lemma L_C_mult_right_invertible:
  assumes W: "W \<in> carrier_mat r r'" and R: "R \<in> carrier_mat r' n" and S: "S \<in> carrier_mat n r'"
    and "R * S = 1\<^sub>m r'"
  shows "L_C (W * R) = L_C W"
proof -
  have "L_C (W * R) = (\<lambda>y. W *\<^sub>v y) ` carrier_vec r'"
    using L_C_mult_left[OF W R] L_C_right_invertible[OF R S \<open>R * S = 1\<^sub>m r'\<close>] by simp
  also have "\<dots> = L_C W"
    unfolding L_C_def Setcompr_eq_image using W by simp
  finally show ?thesis .
qed

text \<open>The square basis \<open>W\<close> says that \<open>L_C M\<close> has full rank; only for such lattices is
  \<open>lattice_det (L_C (U * M))\<close> independent of the unimodular \<open>U\<close>.\<close>
lemma ndet_eq_det_ratio:
  assumes M: "M \<in> carrier_mat r n" and "full_row_rank M"
    and W: "W \<in> carrier_mat r r" and "det W \<noteq> 0" and LC: "L_C M = L_C W"
  shows "ndet (L_R M) = lattice_det (L_R M) / lattice_det (L_C M)"
  unfolding ndet_def
proof (rule someI2)
  have basis: "lattice_basis M (L_R M)"
    using \<open>full_row_rank M\<close> unfolding lattice_basis_def by simp
  then show "\<exists>M'. lattice_basis M' (L_R M) \<and>
      lattice_det (L_R M) / lattice_det (L_C M) = lattice_det (L_R M') / lattice_det (L_C M')"
    by blast
  fix d assume "\<exists>M'. lattice_basis M' (L_R M) \<and> d = lattice_det (L_R M') / lattice_det (L_C M')"
  then obtain M' where M': "lattice_basis M' (L_R M)"
    and d: "d = lattice_det (L_R M') / lattice_det (L_C M')"
    by blast
  obtain U where U: "unimodular r U" and M'U: "M' = U * M"
    using lattice_basis_change[OF basis M'] M by auto
  have Uc: "U \<in> carrier_mat r r" and "\<bar>det U\<bar> = 1"
    using U unfolding unimodular_def by auto
  then have absdet: "\<bar>det (U * W)\<bar> = \<bar>det W\<bar>"
    by (simp add: det_mult[OF Uc W] abs_mult)
  then have "det (U * W) \<noteq> 0"
    using \<open>det W \<noteq> 0\<close> by auto
  have "L_C M' = L_C (U * W)"
    unfolding M'U using L_C_mult_left[OF Uc M] L_C_mult_left[OF Uc W] LC by simp
  then have "lattice_det (L_C M') = \<bar>real_of_int (det (U * W))\<bar>"
    using lattice_det_L_C_square[OF mult_carrier_mat[OF Uc W] \<open>det (U * W) \<noteq> 0\<close>] by simp
  also have "\<dots> = \<bar>real_of_int (det W)\<bar>"
    using arg_cong[OF absdet, of real_of_int] by simp
  also have "\<dots> = lattice_det (L_C M)"
    unfolding LC by (rule lattice_det_L_C_square[OF W \<open>det W \<noteq> 0\<close>, symmetric])
  finally have "lattice_det (L_C M') = lattice_det (L_C M)" .
  moreover have "L_R M' = L_R M"
    using M' unfolding lattice_basis_def by simp
  ultimately show "d = lattice_det (L_R M) / lattice_det (L_C M)"
    using d by simp
qed

lemma ndet_right_invertible_factor:
  assumes W: "W \<in> carrier_mat r r" and R: "R \<in> carrier_mat r n" and S: "S \<in> carrier_mat n r"
    and RS: "R * S = 1\<^sub>m r" and MWR: "M = W * R" and "full_row_rank M"
  shows "sqrt (real_of_int (det (M * transpose_mat M))) / lattice_det (L_C M)
      = sqrt (real_of_int (det (R * transpose_mat R)))" (is "?ratio = _")
    and "ndet (L_R M) = sqrt (real_of_int (det (R * transpose_mat R)))"
proof -
  have M: "M \<in> carrier_mat r n"
    using W R MWR by simp
  have gram: "det (M * transpose_mat M) = det W * det W * det (R * transpose_mat R)"
    unfolding MWR by (rule det_gram_mult_left[OF W R])
  then have "det W \<noteq> 0"
    using full_row_rank_det_gram_nonzero[OF M \<open>full_row_rank M\<close>] by auto
  have LC: "L_C M = L_C W"
    unfolding MWR by (rule L_C_mult_right_invertible[OF W R S RS])
  have "lattice_det (L_C M) = \<bar>real_of_int (det W)\<bar>"
    unfolding LC by (rule lattice_det_L_C_square[OF W \<open>det W \<noteq> 0\<close>])
  then show ratio: "?ratio = sqrt (real_of_int (det (R * transpose_mat R)))"
    unfolding gram using \<open>det W \<noteq> 0\<close> by (simp add: real_sqrt_mult real_sqrt_mult_self)
  have "lattice_det (L_R M) = sqrt (real_of_int (det (M * transpose_mat M)))"
    using lattice_det_eq \<open>full_row_rank M\<close> unfolding lattice_basis_def by blast
  then show "ndet (L_R M) = sqrt (real_of_int (det (R * transpose_mat R)))"
    using ndet_eq_det_ratio[OF M \<open>full_row_rank M\<close> W \<open>det W \<noteq> 0\<close> LC] ratio by simp
qed

section \<open>Unimodular row reduction\<close>

definition row_equivalent :: "nat \<Rightarrow> int mat \<Rightarrow> int mat \<Rightarrow> bool" where
  "row_equivalent n T T' \<longleftrightarrow> (\<exists>P. unimodular n P \<and> T' = P * T)"

lemma row_equivalent_refl: "T \<in> carrier_mat n k \<Longrightarrow> row_equivalent n T T"
  unfolding row_equivalent_def unimodular_def by (intro exI[of _ "1\<^sub>m n"]) simp

lemma row_equivalent_trans:
  assumes T: "T \<in> carrier_mat n k" and "row_equivalent n T T'" and "row_equivalent n T' T''"
  shows "row_equivalent n T T''"
proof -
  obtain P where P: "unimodular n P" and T': "T' = P * T"
    using assms(2) unfolding row_equivalent_def by blast
  obtain P' where P': "unimodular n P'" and T'': "T'' = P' * T'"
    using assms(3) unfolding row_equivalent_def by blast
  have "T'' = (P' * P) * T"
    using P P' T unfolding T'' T' unimodular_def by (simp add: assoc_mult_mat[of _ n n _ n _ k])
  then show ?thesis
    unfolding row_equivalent_def using unimodular_mult[OF P' P] by blast
qed

lemma row_equivalent_carrier:
  "row_equivalent n T T' \<Longrightarrow> T \<in> carrier_mat n k \<Longrightarrow> T' \<in> carrier_mat n k"
  unfolding row_equivalent_def unimodular_def by auto

lemma row_equivalent_addrow:
  assumes "T \<in> carrier_mat n k" and "a \<noteq> b" and "b < n"
  shows "row_equivalent n T (addrow q a b T)"
  unfolding row_equivalent_def unimodular_def
  using addrow_mat[OF assms(1,3)]
  by (intro exI[of _ "addrow_mat n q a b"]) (simp add: det_addrow_mat[OF assms(2)])

lemma row_equivalent_swaprows:
  assumes "T \<in> carrier_mat n k" and "a \<noteq> b" and "a < n" and "b < n"
  shows "row_equivalent n T (swaprows a b T)"
  unfolding row_equivalent_def unimodular_def
  using swaprows_mat[OF assms(1,3,4)]
  by (intro exI[of _ "swaprows_mat n a b"]) (simp add: det_swaprows_mat[OF assms(3,4,2)])

lemma row_equivalent_euclid_step:
  assumes T: "T \<in> carrier_mat n k" and ab: "a < n" "b < n" "a \<noteq> b" and j: "j < k"
    and nonzero: "T $$ (b,j) \<noteq> 0"
  shows "\<exists>T'. row_equivalent n T T' \<and> nat \<bar>T' $$ (b,j)\<bar> < nat \<bar>T $$ (b,j)\<bar>
     \<and> (\<forall>i<n. i \<noteq> a \<and> i \<noteq> b \<longrightarrow> (\<forall>c<k. T' $$ (i,c) = T $$ (i,c)))
     \<and> (\<forall>c<k. T $$ (a,c) = 0 \<and> T $$ (b,c) = 0 \<longrightarrow> T' $$ (a,c) = 0 \<and> T' $$ (b,c) = 0)"
proof -
  define q where "q = T $$ (a,j) div T $$ (b,j)"
  define T1 where "T1 = addrow (-q) a b T"
  define T2 where "T2 = swaprows a b T1"
  have T1c: "T1 \<in> carrier_mat n k"
    unfolding T1_def using T by simp
  have "row_equivalent n T T1"
    unfolding T1_def by (rule row_equivalent_addrow[OF T ab(3,2)])
  moreover have "row_equivalent n T1 T2"
    unfolding T2_def by (rule row_equivalent_swaprows[OF T1c ab(3,1,2)])
  ultimately have "row_equivalent n T T2"
    by (rule row_equivalent_trans[OF T])
  have e1: "T1 $$ (i,c) = (if i = a then -q * T $$ (b,c) + T $$ (a,c) else T $$ (i,c))"
    if "i < n" "c < k" for i c
    unfolding T1_def using T that by auto
  have e2: "T2 $$ (i,c) = (if i = a then T1 $$ (b,c) else if i = b then T1 $$ (a,c) else T1 $$ (i,c))"
    if "i < n" "c < k" for i c
    unfolding T2_def using T1c that by auto
  have "T2 $$ (b,j) = T $$ (a,j) mod T $$ (b,j)"
    using e2[OF ab(2) j] e1[OF ab(1) j] ab j unfolding q_def
    by (simp add: minus_div_mult_eq_mod[symmetric] algebra_simps)
  then have "nat \<bar>T2 $$ (b,j)\<bar> < nat \<bar>T $$ (b,j)\<bar>"
    using abs_mod_less[OF nonzero, of "T $$ (a,j)"] nonzero by simp
  moreover have "T2 $$ (i,c) = T $$ (i,c)" if "i < n" "i \<noteq> a \<and> i \<noteq> b" "c < k" for i c
    using that e1 e2 by auto
  moreover have "T2 $$ (a,c) = 0 \<and> T2 $$ (b,c) = 0"
    if "c < k" "T $$ (a,c) = 0 \<and> T $$ (b,c) = 0" for c
    using that e2[OF ab(1)] e2[OF ab(2)] e1[OF ab(1)] e1[OF ab(2)] ab by auto
  ultimately show ?thesis
    using \<open>row_equivalent n T T2\<close> by blast
qed

lemma row_equivalent_clear_entry:
  assumes "T \<in> carrier_mat n k" and "a < n" and "b < n" and "a \<noteq> b" and "j < k"
  shows "\<exists>T'. row_equivalent n T T' \<and> T' $$ (b,j) = 0
     \<and> (\<forall>i<n. i \<noteq> a \<and> i \<noteq> b \<longrightarrow> (\<forall>c<k. T' $$ (i,c) = T $$ (i,c)))
     \<and> (\<forall>c<k. T $$ (a,c) = 0 \<and> T $$ (b,c) = 0 \<longrightarrow> T' $$ (a,c) = 0 \<and> T' $$ (b,c) = 0)"
  using assms
proof (induction "nat \<bar>T $$ (b,j)\<bar>" arbitrary: T rule: less_induct)
  case less
  note T = less.prems(1) and ab = less.prems(2-4) and j = less.prems(5)
  show ?case
  proof (cases "T $$ (b,j) = 0")
    case True
    then show ?thesis
      using row_equivalent_refl[OF T] by blast
  next
    case False
    obtain T1 where T_T1: "row_equivalent n T T1" and lt: "nat \<bar>T1 $$ (b,j)\<bar> < nat \<bar>T $$ (b,j)\<bar>"
      and same1: "\<forall>i<n. i \<noteq> a \<and> i \<noteq> b \<longrightarrow> (\<forall>c<k. T1 $$ (i,c) = T $$ (i,c))"
      and keep1: "\<forall>c<k. T $$ (a,c) = 0 \<and> T $$ (b,c) = 0 \<longrightarrow> T1 $$ (a,c) = 0 \<and> T1 $$ (b,c) = 0"
      using row_equivalent_euclid_step[OF T ab j False] by blast
    obtain T' where T1_T': "row_equivalent n T1 T'" and "T' $$ (b,j) = 0"
      and same: "\<forall>i<n. i \<noteq> a \<and> i \<noteq> b \<longrightarrow> (\<forall>c<k. T' $$ (i,c) = T1 $$ (i,c))"
      and keep: "\<forall>c<k. T1 $$ (a,c) = 0 \<and> T1 $$ (b,c) = 0 \<longrightarrow> T' $$ (a,c) = 0 \<and> T' $$ (b,c) = 0"
      using less.hyps[OF lt row_equivalent_carrier[OF T_T1 T] ab j] by blast
    have "row_equivalent n T T'"
      by (rule row_equivalent_trans[OF T T_T1 T1_T'])
    with \<open>T' $$ (b,j) = 0\<close> same1 keep1 same keep show ?thesis
      by (intro exI[of _ T']) auto
  qed
qed

definition triangular_upto :: "nat \<Rightarrow> 'a::zero mat \<Rightarrow> bool" where
  "triangular_upto j T \<longleftrightarrow> (\<forall>i<dim_row T. \<forall>c<j. c < i \<longrightarrow> T $$ (i,c) = 0)"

# Directions
Here the job is to set down exactly the lines of the material above that fall between the one with "add: det_addrow_mat[OF assms(2)])" and the one with "unfolding T1_def using T that by auto", inclusive, and nothing beyond them.

# Solution to this exercise
  by (intro exI[of _ "addrow_mat n q a b"]) (simp add: det_addrow_mat[OF assms(2)])

lemma row_equivalent_swaprows:
  assumes "T \<in> carrier_mat n k" and "a \<noteq> b" and "a < n" and "b < n"
  shows "row_equivalent n T (swaprows a b T)"
  unfolding row_equivalent_def unimodular_def
  using swaprows_mat[OF assms(1,3,4)]
  by (intro exI[of _ "swaprows_mat n a b"]) (simp add: det_swaprows_mat[OF assms(3,4,2)])

lemma row_equivalent_euclid_step:
  assumes T: "T \<in> carrier_mat n k" and ab: "a < n" "b < n" "a \<noteq> b" and j: "j < k"
    and nonzero: "T $$ (b,j) \<noteq> 0"
  shows "\<exists>T'. row_equivalent n T T' \<and> nat \<bar>T' $$ (b,j)\<bar> < nat \<bar>T $$ (b,j)\<bar>
     \<and> (\<forall>i<n. i \<noteq> a \<and> i \<noteq> b \<longrightarrow> (\<forall>c<k. T' $$ (i,c) = T $$ (i,c)))
     \<and> (\<forall>c<k. T $$ (a,c) = 0 \<and> T $$ (b,c) = 0 \<longrightarrow> T' $$ (a,c) = 0 \<and> T' $$ (b,c) = 0)"
proof -
  define q where "q = T $$ (a,j) div T $$ (b,j)"
  define T1 where "T1 = addrow (-q) a b T"
  define T2 where "T2 = swaprows a b T1"
  have T1c: "T1 \<in> carrier_mat n k"
    unfolding T1_def using T by simp
  have "row_equivalent n T T1"
    unfolding T1_def by (rule row_equivalent_addrow[OF T ab(3,2)])
  moreover have "row_equivalent n T1 T2"
    unfolding T2_def by (rule row_equivalent_swaprows[OF T1c ab(3,1,2)])
  ultimately have "row_equivalent n T T2"
    by (rule row_equivalent_trans[OF T])
  have e1: "T1 $$ (i,c) = (if i = a then -q * T $$ (b,c) + T $$ (a,c) else T $$ (i,c))"
    if "i < n" "c < k" for i c
    unfolding T1_def using T that by auto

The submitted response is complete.